* [Work order]: Look through the records below for the line holding "X * B = 1\<^sub>m". Write it out exactly, with each following line through the line holding "using assoc_mult_mat[OF B".

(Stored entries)
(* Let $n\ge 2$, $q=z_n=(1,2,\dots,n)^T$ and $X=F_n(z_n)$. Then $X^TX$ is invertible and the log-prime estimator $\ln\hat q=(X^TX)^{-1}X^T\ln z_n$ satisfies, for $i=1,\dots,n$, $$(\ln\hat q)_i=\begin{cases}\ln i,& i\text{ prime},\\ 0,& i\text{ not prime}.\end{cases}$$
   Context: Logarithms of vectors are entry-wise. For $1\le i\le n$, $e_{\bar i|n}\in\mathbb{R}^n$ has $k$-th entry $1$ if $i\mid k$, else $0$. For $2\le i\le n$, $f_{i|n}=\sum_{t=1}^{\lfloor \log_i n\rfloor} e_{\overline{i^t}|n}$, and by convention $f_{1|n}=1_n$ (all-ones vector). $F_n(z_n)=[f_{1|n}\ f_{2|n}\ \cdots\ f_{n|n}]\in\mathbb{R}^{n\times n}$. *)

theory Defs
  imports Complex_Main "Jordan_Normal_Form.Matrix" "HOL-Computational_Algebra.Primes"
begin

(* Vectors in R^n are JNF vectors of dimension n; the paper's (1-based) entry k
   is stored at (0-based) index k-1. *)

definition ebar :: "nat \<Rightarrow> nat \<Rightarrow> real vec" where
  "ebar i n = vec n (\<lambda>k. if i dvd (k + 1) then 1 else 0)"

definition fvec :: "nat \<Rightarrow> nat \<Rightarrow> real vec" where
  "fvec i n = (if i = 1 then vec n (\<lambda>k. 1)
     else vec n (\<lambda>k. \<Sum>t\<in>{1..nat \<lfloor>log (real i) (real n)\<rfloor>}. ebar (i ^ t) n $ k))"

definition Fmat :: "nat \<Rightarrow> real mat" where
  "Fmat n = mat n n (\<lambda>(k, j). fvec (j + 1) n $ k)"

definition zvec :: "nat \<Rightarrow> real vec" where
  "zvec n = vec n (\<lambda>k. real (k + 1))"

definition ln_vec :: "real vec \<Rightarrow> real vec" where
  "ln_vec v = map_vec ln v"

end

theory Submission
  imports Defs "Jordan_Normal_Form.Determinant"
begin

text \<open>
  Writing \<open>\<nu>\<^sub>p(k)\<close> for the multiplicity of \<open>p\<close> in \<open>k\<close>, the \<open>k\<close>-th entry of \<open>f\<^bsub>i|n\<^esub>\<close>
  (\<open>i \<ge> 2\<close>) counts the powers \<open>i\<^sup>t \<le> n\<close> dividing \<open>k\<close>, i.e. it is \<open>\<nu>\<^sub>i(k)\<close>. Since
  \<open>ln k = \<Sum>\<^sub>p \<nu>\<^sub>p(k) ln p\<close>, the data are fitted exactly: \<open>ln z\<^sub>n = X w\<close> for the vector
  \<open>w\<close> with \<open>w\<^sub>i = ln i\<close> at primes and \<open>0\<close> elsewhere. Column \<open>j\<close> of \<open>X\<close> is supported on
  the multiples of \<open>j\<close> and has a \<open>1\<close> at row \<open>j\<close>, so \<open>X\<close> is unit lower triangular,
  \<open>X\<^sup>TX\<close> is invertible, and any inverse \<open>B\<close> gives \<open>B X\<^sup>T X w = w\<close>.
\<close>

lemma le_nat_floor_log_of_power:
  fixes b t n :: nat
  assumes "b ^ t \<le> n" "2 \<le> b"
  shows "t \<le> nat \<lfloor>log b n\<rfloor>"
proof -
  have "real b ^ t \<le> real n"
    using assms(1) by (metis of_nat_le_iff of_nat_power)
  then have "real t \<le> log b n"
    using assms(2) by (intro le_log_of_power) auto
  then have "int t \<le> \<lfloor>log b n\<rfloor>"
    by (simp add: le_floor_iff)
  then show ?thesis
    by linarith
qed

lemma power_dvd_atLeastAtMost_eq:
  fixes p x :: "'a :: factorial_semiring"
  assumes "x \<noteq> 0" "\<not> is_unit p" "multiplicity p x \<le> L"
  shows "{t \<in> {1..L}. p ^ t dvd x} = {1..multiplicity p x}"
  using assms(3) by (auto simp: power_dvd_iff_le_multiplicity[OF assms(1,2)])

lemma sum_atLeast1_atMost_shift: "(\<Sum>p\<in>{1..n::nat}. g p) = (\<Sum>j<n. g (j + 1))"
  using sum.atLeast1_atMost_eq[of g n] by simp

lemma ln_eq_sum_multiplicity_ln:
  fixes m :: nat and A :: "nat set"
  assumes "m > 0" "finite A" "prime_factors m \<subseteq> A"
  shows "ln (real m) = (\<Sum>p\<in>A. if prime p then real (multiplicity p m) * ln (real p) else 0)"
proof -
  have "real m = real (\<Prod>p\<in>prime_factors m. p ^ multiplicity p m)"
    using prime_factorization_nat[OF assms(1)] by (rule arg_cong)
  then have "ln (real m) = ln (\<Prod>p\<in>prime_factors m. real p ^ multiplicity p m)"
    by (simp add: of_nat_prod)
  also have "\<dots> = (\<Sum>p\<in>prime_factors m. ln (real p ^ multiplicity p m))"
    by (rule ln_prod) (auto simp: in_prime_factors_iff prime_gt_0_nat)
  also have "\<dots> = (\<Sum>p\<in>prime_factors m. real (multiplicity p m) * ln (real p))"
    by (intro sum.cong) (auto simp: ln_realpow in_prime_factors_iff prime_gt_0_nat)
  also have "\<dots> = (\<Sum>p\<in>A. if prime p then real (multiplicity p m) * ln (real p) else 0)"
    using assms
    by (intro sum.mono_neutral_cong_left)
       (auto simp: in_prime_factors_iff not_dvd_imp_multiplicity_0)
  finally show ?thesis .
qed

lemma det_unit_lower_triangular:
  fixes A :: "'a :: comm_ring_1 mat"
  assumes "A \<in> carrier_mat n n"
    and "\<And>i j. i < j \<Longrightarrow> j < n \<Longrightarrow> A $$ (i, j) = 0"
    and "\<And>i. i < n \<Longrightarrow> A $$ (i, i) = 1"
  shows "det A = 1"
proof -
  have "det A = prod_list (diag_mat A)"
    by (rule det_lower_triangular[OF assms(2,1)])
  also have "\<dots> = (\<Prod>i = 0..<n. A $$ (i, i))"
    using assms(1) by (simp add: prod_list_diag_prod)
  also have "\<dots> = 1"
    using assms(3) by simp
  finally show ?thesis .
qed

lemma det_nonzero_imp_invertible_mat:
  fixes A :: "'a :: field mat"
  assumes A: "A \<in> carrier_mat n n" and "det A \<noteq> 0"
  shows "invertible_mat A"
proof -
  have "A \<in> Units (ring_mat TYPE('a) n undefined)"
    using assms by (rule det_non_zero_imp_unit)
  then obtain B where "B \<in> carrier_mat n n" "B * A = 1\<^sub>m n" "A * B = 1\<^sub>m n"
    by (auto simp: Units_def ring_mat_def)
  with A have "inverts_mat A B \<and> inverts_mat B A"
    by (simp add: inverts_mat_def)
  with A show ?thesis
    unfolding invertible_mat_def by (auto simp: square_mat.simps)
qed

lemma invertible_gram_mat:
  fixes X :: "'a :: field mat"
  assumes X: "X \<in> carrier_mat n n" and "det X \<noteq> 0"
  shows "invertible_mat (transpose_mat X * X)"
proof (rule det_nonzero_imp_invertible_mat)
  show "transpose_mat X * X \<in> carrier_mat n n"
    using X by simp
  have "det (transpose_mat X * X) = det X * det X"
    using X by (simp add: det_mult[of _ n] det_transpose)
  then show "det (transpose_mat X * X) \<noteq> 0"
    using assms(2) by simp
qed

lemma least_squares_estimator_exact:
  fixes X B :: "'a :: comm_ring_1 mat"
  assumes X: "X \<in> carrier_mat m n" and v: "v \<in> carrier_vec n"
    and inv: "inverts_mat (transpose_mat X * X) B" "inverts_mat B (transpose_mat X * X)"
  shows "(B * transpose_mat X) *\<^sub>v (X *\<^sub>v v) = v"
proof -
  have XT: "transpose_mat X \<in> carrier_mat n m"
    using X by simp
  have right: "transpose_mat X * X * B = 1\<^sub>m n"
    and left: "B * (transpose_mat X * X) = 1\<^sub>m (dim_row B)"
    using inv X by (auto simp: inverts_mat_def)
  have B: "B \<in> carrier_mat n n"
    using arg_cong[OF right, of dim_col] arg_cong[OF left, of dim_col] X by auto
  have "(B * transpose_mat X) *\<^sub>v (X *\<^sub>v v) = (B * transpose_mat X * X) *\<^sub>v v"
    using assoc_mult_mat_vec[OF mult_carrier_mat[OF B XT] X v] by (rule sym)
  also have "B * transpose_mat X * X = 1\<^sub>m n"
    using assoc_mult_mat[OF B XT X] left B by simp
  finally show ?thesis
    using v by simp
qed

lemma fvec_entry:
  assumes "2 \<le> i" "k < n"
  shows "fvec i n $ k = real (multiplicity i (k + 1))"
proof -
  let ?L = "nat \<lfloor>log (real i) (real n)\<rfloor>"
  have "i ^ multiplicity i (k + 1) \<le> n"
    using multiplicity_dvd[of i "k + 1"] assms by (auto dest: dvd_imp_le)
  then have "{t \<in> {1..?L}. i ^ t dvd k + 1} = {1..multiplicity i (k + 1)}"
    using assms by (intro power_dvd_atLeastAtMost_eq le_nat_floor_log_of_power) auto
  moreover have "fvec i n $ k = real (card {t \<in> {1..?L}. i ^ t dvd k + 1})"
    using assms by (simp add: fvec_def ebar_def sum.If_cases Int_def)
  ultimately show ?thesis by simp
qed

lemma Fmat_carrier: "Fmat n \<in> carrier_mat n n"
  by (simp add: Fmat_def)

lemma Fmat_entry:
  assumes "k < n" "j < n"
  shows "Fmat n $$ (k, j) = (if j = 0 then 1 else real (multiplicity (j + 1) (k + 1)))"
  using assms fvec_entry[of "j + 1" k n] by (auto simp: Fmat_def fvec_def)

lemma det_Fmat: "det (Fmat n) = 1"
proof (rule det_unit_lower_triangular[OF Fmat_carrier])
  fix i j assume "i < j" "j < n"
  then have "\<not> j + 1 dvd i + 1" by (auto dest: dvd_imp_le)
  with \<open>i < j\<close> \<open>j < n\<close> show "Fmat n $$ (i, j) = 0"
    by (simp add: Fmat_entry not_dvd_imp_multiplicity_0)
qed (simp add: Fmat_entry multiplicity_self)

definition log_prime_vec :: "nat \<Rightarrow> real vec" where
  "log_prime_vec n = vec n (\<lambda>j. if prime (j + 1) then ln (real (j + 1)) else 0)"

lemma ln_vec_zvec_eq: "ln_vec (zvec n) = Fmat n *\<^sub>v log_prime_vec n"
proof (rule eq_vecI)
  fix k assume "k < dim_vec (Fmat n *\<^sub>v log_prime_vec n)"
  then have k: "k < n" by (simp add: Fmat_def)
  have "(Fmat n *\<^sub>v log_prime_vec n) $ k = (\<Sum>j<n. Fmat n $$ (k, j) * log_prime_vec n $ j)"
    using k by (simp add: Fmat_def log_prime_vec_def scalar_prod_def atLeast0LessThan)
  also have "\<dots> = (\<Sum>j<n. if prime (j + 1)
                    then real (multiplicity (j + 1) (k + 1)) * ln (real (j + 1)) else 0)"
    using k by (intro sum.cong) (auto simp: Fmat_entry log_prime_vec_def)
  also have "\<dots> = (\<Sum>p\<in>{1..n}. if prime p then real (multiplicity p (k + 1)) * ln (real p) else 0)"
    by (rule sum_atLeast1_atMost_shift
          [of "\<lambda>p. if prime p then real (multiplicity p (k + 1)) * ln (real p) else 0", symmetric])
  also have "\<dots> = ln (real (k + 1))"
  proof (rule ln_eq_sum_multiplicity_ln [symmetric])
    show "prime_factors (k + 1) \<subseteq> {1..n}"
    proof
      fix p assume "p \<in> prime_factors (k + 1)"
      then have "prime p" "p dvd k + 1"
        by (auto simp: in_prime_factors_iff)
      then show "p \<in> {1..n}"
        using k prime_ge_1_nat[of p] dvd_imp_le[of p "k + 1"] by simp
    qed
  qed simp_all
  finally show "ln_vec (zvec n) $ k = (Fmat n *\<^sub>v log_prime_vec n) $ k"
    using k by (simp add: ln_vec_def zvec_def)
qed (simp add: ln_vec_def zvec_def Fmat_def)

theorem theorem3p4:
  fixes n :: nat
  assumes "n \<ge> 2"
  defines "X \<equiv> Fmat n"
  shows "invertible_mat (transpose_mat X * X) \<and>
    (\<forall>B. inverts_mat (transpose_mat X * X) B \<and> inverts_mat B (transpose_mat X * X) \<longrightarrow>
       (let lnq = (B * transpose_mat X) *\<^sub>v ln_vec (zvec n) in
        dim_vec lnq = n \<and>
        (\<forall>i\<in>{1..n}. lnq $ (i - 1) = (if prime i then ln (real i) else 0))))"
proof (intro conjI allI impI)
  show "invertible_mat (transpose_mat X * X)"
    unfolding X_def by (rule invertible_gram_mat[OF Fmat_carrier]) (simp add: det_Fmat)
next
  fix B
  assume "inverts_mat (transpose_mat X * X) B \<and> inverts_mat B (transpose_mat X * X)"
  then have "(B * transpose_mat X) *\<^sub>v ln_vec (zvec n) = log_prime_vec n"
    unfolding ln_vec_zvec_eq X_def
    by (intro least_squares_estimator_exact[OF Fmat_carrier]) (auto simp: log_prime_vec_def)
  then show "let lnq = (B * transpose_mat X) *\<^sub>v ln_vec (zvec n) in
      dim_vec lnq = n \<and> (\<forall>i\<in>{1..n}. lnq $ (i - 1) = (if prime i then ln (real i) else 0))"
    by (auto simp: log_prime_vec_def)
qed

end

* [Solution below]:
  have right: "transpose_mat X * X * B = 1\<^sub>m n"
    and left: "B * (transpose_mat X * X) = 1\<^sub>m (dim_row B)"
    using inv X by (auto simp: inverts_mat_def)
  have B: "B \<in> carrier_mat n n"
    using arg_cong[OF right, of dim_col] arg_cong[OF left, of dim_col] X by auto
  have "(B * transpose_mat X) *\<^sub>v (X *\<^sub>v v) = (B * transpose_mat X * X) *\<^sub>v v"
    using assoc_mult_mat_vec[OF mult_carrier_mat[OF B XT] X v] by (rule sym)
  also have "B * transpose_mat X * X = 1\<^sub>m n"
    using assoc_mult_mat[OF B XT X] left B by simp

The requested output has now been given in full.